> _ASSIGNMENT_: Please give back word for word the lines of the material below between the line containing "using assms by (simp" and the line containing "n h \<Longrightarrow>", inclusive.

> _INPUT DATA_:
definition code_M :: "nat \<Rightarrow> (nat \<Rightarrow> nat \<Rightarrow> 'a::field) \<Rightarrow> (nat \<Rightarrow> 'a \<Rightarrow> 'a) \<Rightarrow> ('a \<times> 'a) list set" where
  "code_M n \<alpha> \<beta> = {w. length w = n \<and> (\<Sum>i<n. fst (w ! i)) = 0 \<and>
      (\<Sum>i<n. snd (w ! i)) + rfun n \<alpha> \<beta> (map fst w) = 0}"

end

theory Submission
  imports Defs
begin

text \<open>Any n - 1 letters of a word of M determine the last one: the sum condition on the
  first coordinates fixes its first coordinate, and the second condition then fixes its second
  coordinate. Hence M is an MDS code with q^(2(n-1)) words.

  For topolinearity, translate the first coordinates by a vector a with zero sum. For
  Q(x) = \<Sum>\<alpha> i j x i x j with polar form L we have Q(x + a) = Q(x) + \<Sum>i L(a)_i x_i + Q(a), so r changes by
  \<Sum>i (L(a)_i x_i + \<beta> i (x_i + a_i) - \<beta> i x_i) + Q(a): a sum of terms each depending on a
  single coordinate, plus a constant. The coordinatewise shears
  (x, y) \<mapsto> (x + a_i, y + \<beta> i x - \<beta> i (x + a_i) - L(a)_i x + c_i) with \<Sum> c = -Q(a) therefore
  preserve M. They are closed under composition and inversion (composition adds the vectors a,
  as L is linear), and exactly one of them maps a given word of M to another, so they form a
  subgroup of autotopisms acting regularly on M.\<close>

section \<open>Autotopisms\<close>

lemma length_iso_apply [simp]: "length (iso_apply ts xs) = min (length ts) (length xs)"
  by (simp add: iso_apply_def)

lemma iso_apply_iso_comp:
  assumes "length g = length w" "length h = length w"
  shows "iso_apply (iso_comp g h) w = iso_apply g (iso_apply h w)"
  using assms by (intro nth_equalityI) (simp_all add: iso_apply_def iso_comp_def)

lemma iso_apply_iso_inv:
  assumes "isotopism (length w) h"
  shows "iso_apply (iso_inv h) (iso_apply h w) = w"
proof (intro nth_equalityI)
  fix i assume "i < length (iso_apply (iso_inv h) (iso_apply h w))"
  then have "i < length w" "bij (h ! i)"
    using assms by (auto simp: iso_inv_def isotopism_def)
  then show "iso_apply (iso_inv h) (iso_apply h w) ! i = w ! i"
    using assms by (simp add: iso_apply_def iso_inv_def isotopism_def bij_is_inj)
qed (use assms in \<open>simp add: iso_inv_def isotopism_def\<close>)

lemma isotopism_iso_inv: "isotopism n h \<Longrightarrow> isotopism n (iso_inv h)"
  by (auto simp: isotopism_def iso_inv_def bij_imp_bij_inv)

lemma inj_on_iso_apply:
  assumes "isotopism n h"
  shows "inj_on (iso_apply h) {w. length w = n}"
  by (rule inj_on_inverseI[where g = "iso_apply (iso_inv h)"]) (use assms iso_apply_iso_inv in auto)

lemma autotopismsI_finite:
  assumes "finite M" "M \<subseteq> {w. length w = n}" "isotopism n h" "iso_apply h ` M \<subseteq> M"
  shows "h \<in> autotopisms n M"
proof -
  have "card (iso_apply h ` M) = card M"
    using inj_on_iso_apply[OF assms(3)] assms(2) by (intro card_image) (rule inj_on_subset)
  then have "iso_apply h ` M = M"
    using assms(1,4) by (intro card_subset_eq)
  then show ?thesis
    using assms(3) by (simp add: autotopisms_def)
qed

lemma iso_id_autotopisms:
  assumes "M \<subseteq> {w. length w = n}"
  shows "iso_id n \<in> autotopisms n M"
proof -
  have "iso_apply (iso_id n) w = id w" if "w \<in> M" for w
    using assms that by (intro nth_equalityI) (auto simp: iso_apply_def iso_id_def)
  then have "iso_apply (iso_id n) ` M = id ` M"
    by (rule image_cong[OF refl])
  then show ?thesis
    by (simp add: autotopisms_def isotopism_def iso_id_def)
qed

lemma iso_comp_autotopisms:
  assumes M: "M \<subseteq> {w. length w = n}" and "g \<in> autotopisms n M" "h \<in> autotopisms n M"
  shows "iso_comp g h \<in> autotopisms n M"
proof -
  have g: "isotopism n g" "iso_apply g ` M = M" and h: "isotopism n h" "iso_apply h ` M = M"
    using assms(2,3) by (simp_all add: autotopisms_def)
  have "bij (iso_comp g h ! i)" if "i < n" for i
    using g(1) h(1) that by (auto simp: isotopism_def iso_comp_def intro!: bij_comp)
  then have "isotopism n (iso_comp g h)"
    using g(1) h(1) by (auto simp: isotopism_def iso_comp_def in_set_conv_nth)
  moreover have "iso_apply (iso_comp g h) ` M = iso_apply g ` iso_apply h ` M"
    unfolding image_image using M g(1) h(1)
    by (intro image_cong refl) (auto simp: isotopism_def iso_apply_iso_comp)
  ultimately show ?thesis
    using g(2) h(2) by (simp add: autotopisms_def)
qed

lemma iso_inv_autotopisms:
  assumes M: "M \<subseteq> {w. length w = n}" and "h \<in> autotopisms n M"
  shows "iso_inv h \<in> autotopisms n M"
proof -
  have iso: "isotopism n h" and onto: "iso_apply h ` M = M"
    using assms(2) by (simp_all add: autotopisms_def)
  have "iso_apply (iso_inv h) ` M = iso_apply (iso_inv h) ` iso_apply h ` M"
    by (simp add: onto)
  also have "\<dots> = id ` M"
    unfolding image_image using M iso
    by (intro image_cong refl) (auto simp: iso_apply_iso_inv)
  finally show ?thesis
    using isotopism_iso_inv[OF iso] by (simp add: autotopisms_def)
qed

lemma topolinearI_regular:
  assumes H: "iso_subgroup n H M" and z: "z \<in> M"
    and inj: "inj_on (\<lambda>h. iso_apply h z) H"
    and transitive: "\<And>u v. u \<in> M \<Longrightarrow> v \<in> M \<Longrightarrow> \<exists>h\<in>H. iso_apply h u = v"
  shows "topolinear n M"
proof -
  have "H \<subseteq> autotopisms n M"
    using H by (simp add: iso_subgroup_def)
  then have "(\<lambda>h. iso_apply h z) ` H \<subseteq> M"
    using z unfolding autotopisms_def by blast
  moreover have "M \<subseteq> (\<lambda>h. iso_apply h z) ` H"
    using transitive[OF z] by blast
  ultimately have "card H = card M"
    using card_image[OF inj] by simp
  then show ?thesis
    unfolding topolinear_def using H transitive by blast
qed

section \<open>Size and distance of the code\<close>

lemma sum_eq_except_one:
  fixes f g :: "'i \<Rightarrow> 'a::cancel_comm_monoid_add"
  assumes "finite A" "k \<in> A" "sum f A = sum g A" "\<And>i. i \<in> A \<Longrightarrow> i \<noteq> k \<Longrightarrow> f i = g i"
  shows "f k = g k"
proof -
  have "sum f (A - {k}) = sum g (A - {k})"
    using assms(4) by (intro sum.cong) auto
  then show ?thesis
    using assms(3) sum.remove[OF assms(1,2), of f] sum.remove[OF assms(1,2), of g] by simp
qed

lemma length_code_M: "w \<in> code_M n \<alpha> \<beta> \<Longrightarrow> length w = n"
  by (simp add: code_M_def)

lemma finite_code_M: "finite (code_M n \<alpha> (\<beta> :: nat \<Rightarrow> 'a::{field,finite} \<Rightarrow> 'a))"
proof (rule finite_subset)
  show "code_M n \<alpha> \<beta> \<subseteq> {w. set w \<subseteq> UNIV \<and> length w = n}"
    by (auto simp: code_M_def)
qed (use finite_lists_length_eq[of "UNIV :: ('a \<times> 'a) set" n] in simp)

lemma code_M_sums:
  assumes "w \<in> code_M n \<alpha> \<beta>"
  shows "(\<Sum>i<n. fst (w ! i)) = 0" "(\<Sum>i<n. snd (w ! i)) + rfun n \<alpha> \<beta> (map fst w) = 0"
  using assms unfolding code_M_def by blast+

lemma code_M_eq_if_agree_except:
  assumes u: "u \<in> code_M n \<alpha> \<beta>" and v: "v \<in> code_M n \<alpha> \<beta>"
    and agree: "\<And>i. i < n \<Longrightarrow> i \<noteq> k \<Longrightarrow> u ! i = v ! i"
  shows "u = v"
proof -
  have len: "length u = n" "length v = n"
    using length_code_M[OF u] length_code_M[OF v] .
  have "(\<Sum>i<n. fst (u ! i)) = (\<Sum>i<n. fst (v ! i))"
    using code_M_sums(1)[OF u] code_M_sums(1)[OF v] by (rule trans[OF _ sym])
  then have fst_k: "fst (u ! k) = fst (v ! k)" if "k < n"
    using agree that
    by (intro sum_eq_except_one[of "{..<n}" k "\<lambda>i. fst (u ! i)" "\<lambda>i. fst (v ! i)"]) auto
  then have "fst (u ! i) = fst (v ! i)" if "i < n" for i
    using agree that by (cases "i = k") auto
  then have "map fst u = map fst v"
    using len by (simp add: list_eq_iff_nth_eq)
  then have "(\<Sum>i<n. snd (u ! i)) + rfun n \<alpha> \<beta> (map fst v) =
      (\<Sum>i<n. snd (v ! i)) + rfun n \<alpha> \<beta> (map fst v)"
    using code_M_sums(2)[OF u] code_M_sums(2)[OF v] by simp
  then have "(\<Sum>i<n. snd (u ! i)) = (\<Sum>i<n. snd (v ! i))"
    by (rule add_right_imp_eq)
  then have snd_k: "snd (u ! k) = snd (v ! k)" if "k < n"
    using agree that
    by (intro sum_eq_except_one[of "{..<n}" k "\<lambda>i. snd (u ! i)" "\<lambda>i. snd (v ! i)"]) auto
  have "u ! i = v ! i" if "i < n" for i
    using agree fst_k snd_k that by (cases "i = k") (auto simp: prod_eq_iff)
  then show ?thesis
    using len by (simp add: list_eq_iff_nth_eq)
qed

lemma code_M_hamming_dist:
  assumes u: "u \<in> code_M n \<alpha> \<beta>" and v: "v \<in> code_M n \<alpha> \<beta>" and "u \<noteq> v"
  shows "2 \<le> hamming_dist u v"
proof (rule ccontr)
  let ?S = "{i. i < length u \<and> u ! i \<noteq> v ! i}"
  assume "\<not> 2 \<le> hamming_dist u v"
  then have card: "card ?S \<le> Suc 0"
    by (simp add: hamming_dist_def)
  have len: "length u = n" "length v = n"
    using length_code_M[OF u] length_code_M[OF v] .
  then obtain k where "k \<in> ?S"
    using \<open>u \<noteq> v\<close> by (auto simp: list_eq_iff_nth_eq)
  moreover have "finite ?S"
    by simp
  ultimately have "?S \<subseteq> {k}"
    using card card_le_Suc0_iff_eq[of ?S] by blast
  then have "u = v"
    using len by (intro code_M_eq_if_agree_except[OF u v, of k]) auto
  with \<open>u \<noteq> v\<close> show False ..
qed

definition code_M_completion ::
    "(nat \<Rightarrow> nat \<Rightarrow> 'a::field) \<Rightarrow> (nat \<Rightarrow> 'a \<Rightarrow> 'a) \<Rightarrow> ('a \<times> 'a) list \<Rightarrow> ('a \<times> 'a) list" where
  "code_M_completion \<alpha> \<beta> xs =
    (let m = length xs; x = - (\<Sum>i<m. fst (xs ! i))
     in xs @ [(x, - (\<Sum>i<m. snd (xs ! i)) - rfun (Suc m) \<alpha> \<beta> (map fst xs @ [x]))])"

lemma code_M_completion_in_code_M:
  "code_M_completion \<alpha> \<beta> xs \<in> code_M (Suc (length xs)) \<alpha> \<beta>"
  by (simp add: code_M_completion_def code_M_def Let_def nth_append)

lemma card_code_M:
  fixes \<alpha> :: "nat \<Rightarrow> nat \<Rightarrow> 'a::{field,finite}"
  shows "card (code_M (Suc m) \<alpha> \<beta>) = CARD('a \<times> 'a) ^ m"
proof -
  have "code_M_completion \<alpha> \<beta> (take m u) = u" if u: "u \<in> code_M (Suc m) \<alpha> \<beta>" for u
  proof (rule code_M_eq_if_agree_except[where k = m])
    show "code_M_completion \<alpha> \<beta> (take m u) \<in> code_M (Suc m) \<alpha> \<beta>"
      using code_M_completion_in_code_M[of \<alpha> \<beta> "take m u"] length_code_M[OF u] by simp
    fix i assume "i < Suc m" "i \<noteq> m"
    then show "code_M_completion \<alpha> \<beta> (take m u) ! i = u ! i"
      using length_code_M[OF u] by (simp add: code_M_completion_def Let_def nth_append)
  qed (rule u)
  moreover have "take m (code_M_completion \<alpha> \<beta> xs) = xs" if "length xs = m" for xs
    using that by (simp add: code_M_completion_def Let_def)
  moreover have "code_M_completion \<alpha> \<beta> xs \<in> code_M (Suc m) \<alpha> \<beta>" if "length xs = m" for xs
    using that code_M_completion_in_code_M by blast
  ultimately have "bij_betw (take m) (code_M (Suc m) \<alpha> \<beta>) {xs. length xs = m}"
    by (intro bij_betw_byWitness[where f' = "code_M_completion \<alpha> \<beta>"]) (auto dest: length_code_M)
  then show ?thesis
    using card_lists_length_eq[of "UNIV :: ('a \<times> 'a) set" m] by (simp add: bij_betw_same_card)
qed

section \<open>Quadratic forms\<close>

definition quad_form :: "nat \<Rightarrow> (nat \<Rightarrow> nat \<Rightarrow> 'a::comm_ring) \<Rightarrow> (nat \<Rightarrow> 'a) \<Rightarrow> 'a" where
  "quad_form n \<alpha> x = (\<Sum>i<n. \<Sum>j<n. \<alpha> i j * x i * x j)"

definition polar_form :: "nat \<Rightarrow> (nat \<Rightarrow> nat \<Rightarrow> 'a::comm_ring) \<Rightarrow> (nat \<Rightarrow> 'a) \<Rightarrow> nat \<Rightarrow> 'a" where
  "polar_form n \<alpha> a i = (\<Sum>j<n. (\<alpha> i j + \<alpha> j i) * a j)"

lemma quad_form_cong: "(\<And>i. i < n \<Longrightarrow> x i = y i) \<Longrightarrow> quad_form n \<alpha> x = quad_form n \<alpha> y"
  unfolding quad_form_def by (intro sum.cong refl) simp

lemma quad_form_add:
  "quad_form n \<alpha> (\<lambda>i. x i + a i) =
     quad_form n \<alpha> x + (\<Sum>i<n. polar_form n \<alpha> a i * x i) + quad_form n \<alpha> a"
proof -
  have "(\<Sum>i<n. polar_form n \<alpha> a i * x i) =
      (\<Sum>i<n. \<Sum>j<n. \<alpha> i j * x i * a j) + (\<Sum>i<n. \<Sum>j<n. \<alpha> j i * a j * x i)"
    unfolding polar_form_def sum_distrib_right sum.distrib[symmetric]
    by (intro sum.cong refl) (simp add: algebra_simps)
  also have "(\<Sum>i<n. \<Sum>j<n. \<alpha> j i * a j * x i) = (\<Sum>i<n. \<Sum>j<n. \<alpha> i j * a i * x j)"
    by (rule sum.swap)
  finally show ?thesis
    unfolding quad_form_def by (simp add: sum.distrib[symmetric] algebra_simps)
qed

lemma polar_form_cong:
  "(\<And>i. i < n \<Longrightarrow> a i = b i) \<Longrightarrow> polar_form n \<alpha> a k = polar_form n \<alpha> b k"
  unfolding polar_form_def by (intro sum.cong refl) simp

lemma polar_form_add:
  "polar_form n \<alpha> (\<lambda>i. a i + b i) k = polar_form n \<alpha> a k + polar_form n \<alpha> b k"
  unfolding polar_form_def sum.distrib[symmetric] by (intro sum.cong refl) (simp add: algebra_simps)

lemma polar_form_uminus: "polar_form n \<alpha> (\<lambda>i. - a i) k = - polar_form n \<alpha> a k"
  unfolding polar_form_def sum_negf[symmetric] by (intro sum.cong refl) simp

lemma polar_form_zero [simp]: "polar_form n \<alpha> (\<lambda>i. 0) k = 0"
  by (simp add: polar_form_def)

lemma rfun_shift:
  assumes "\<And>i. i < n \<Longrightarrow> ys ! i = xs ! i + a i"
  shows "rfun n \<alpha> \<beta> ys = rfun n \<alpha> \<beta> xs +
    (\<Sum>i<n. polar_form n \<alpha> a i * xs ! i + (\<beta> i (xs ! i + a i) - \<beta> i (xs ! i))) + quad_form n \<alpha> a"
proof -
  have "rfun n \<alpha> \<beta> ys = quad_form n \<alpha> (\<lambda>i. xs ! i + a i) + (\<Sum>i<n. \<beta> i (xs ! i + a i))"
    using assms quad_form_cong[of n "(!) ys" "\<lambda>i. xs ! i + a i" \<alpha>]
    by (simp add: rfun_def quad_form_def[symmetric])
  moreover have "rfun n \<alpha> \<beta> xs = quad_form n \<alpha> ((!) xs) + (\<Sum>i<n. \<beta> i (xs ! i))"
    by (simp add: rfun_def quad_form_def)
  ultimately show ?thesis
    unfolding quad_form_add by (simp add: sum.distrib sum_subtractf)
qed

> _ANSWER BOX_:
    using assms by (simp add: iso_apply_def iso_inv_def isotopism_def bij_is_inj)
qed (use assms in \<open>simp add: iso_inv_def isotopism_def\<close>)

lemma isotopism_iso_inv: "isotopism n h \<Longrightarrow> isotopism n (iso_inv h)"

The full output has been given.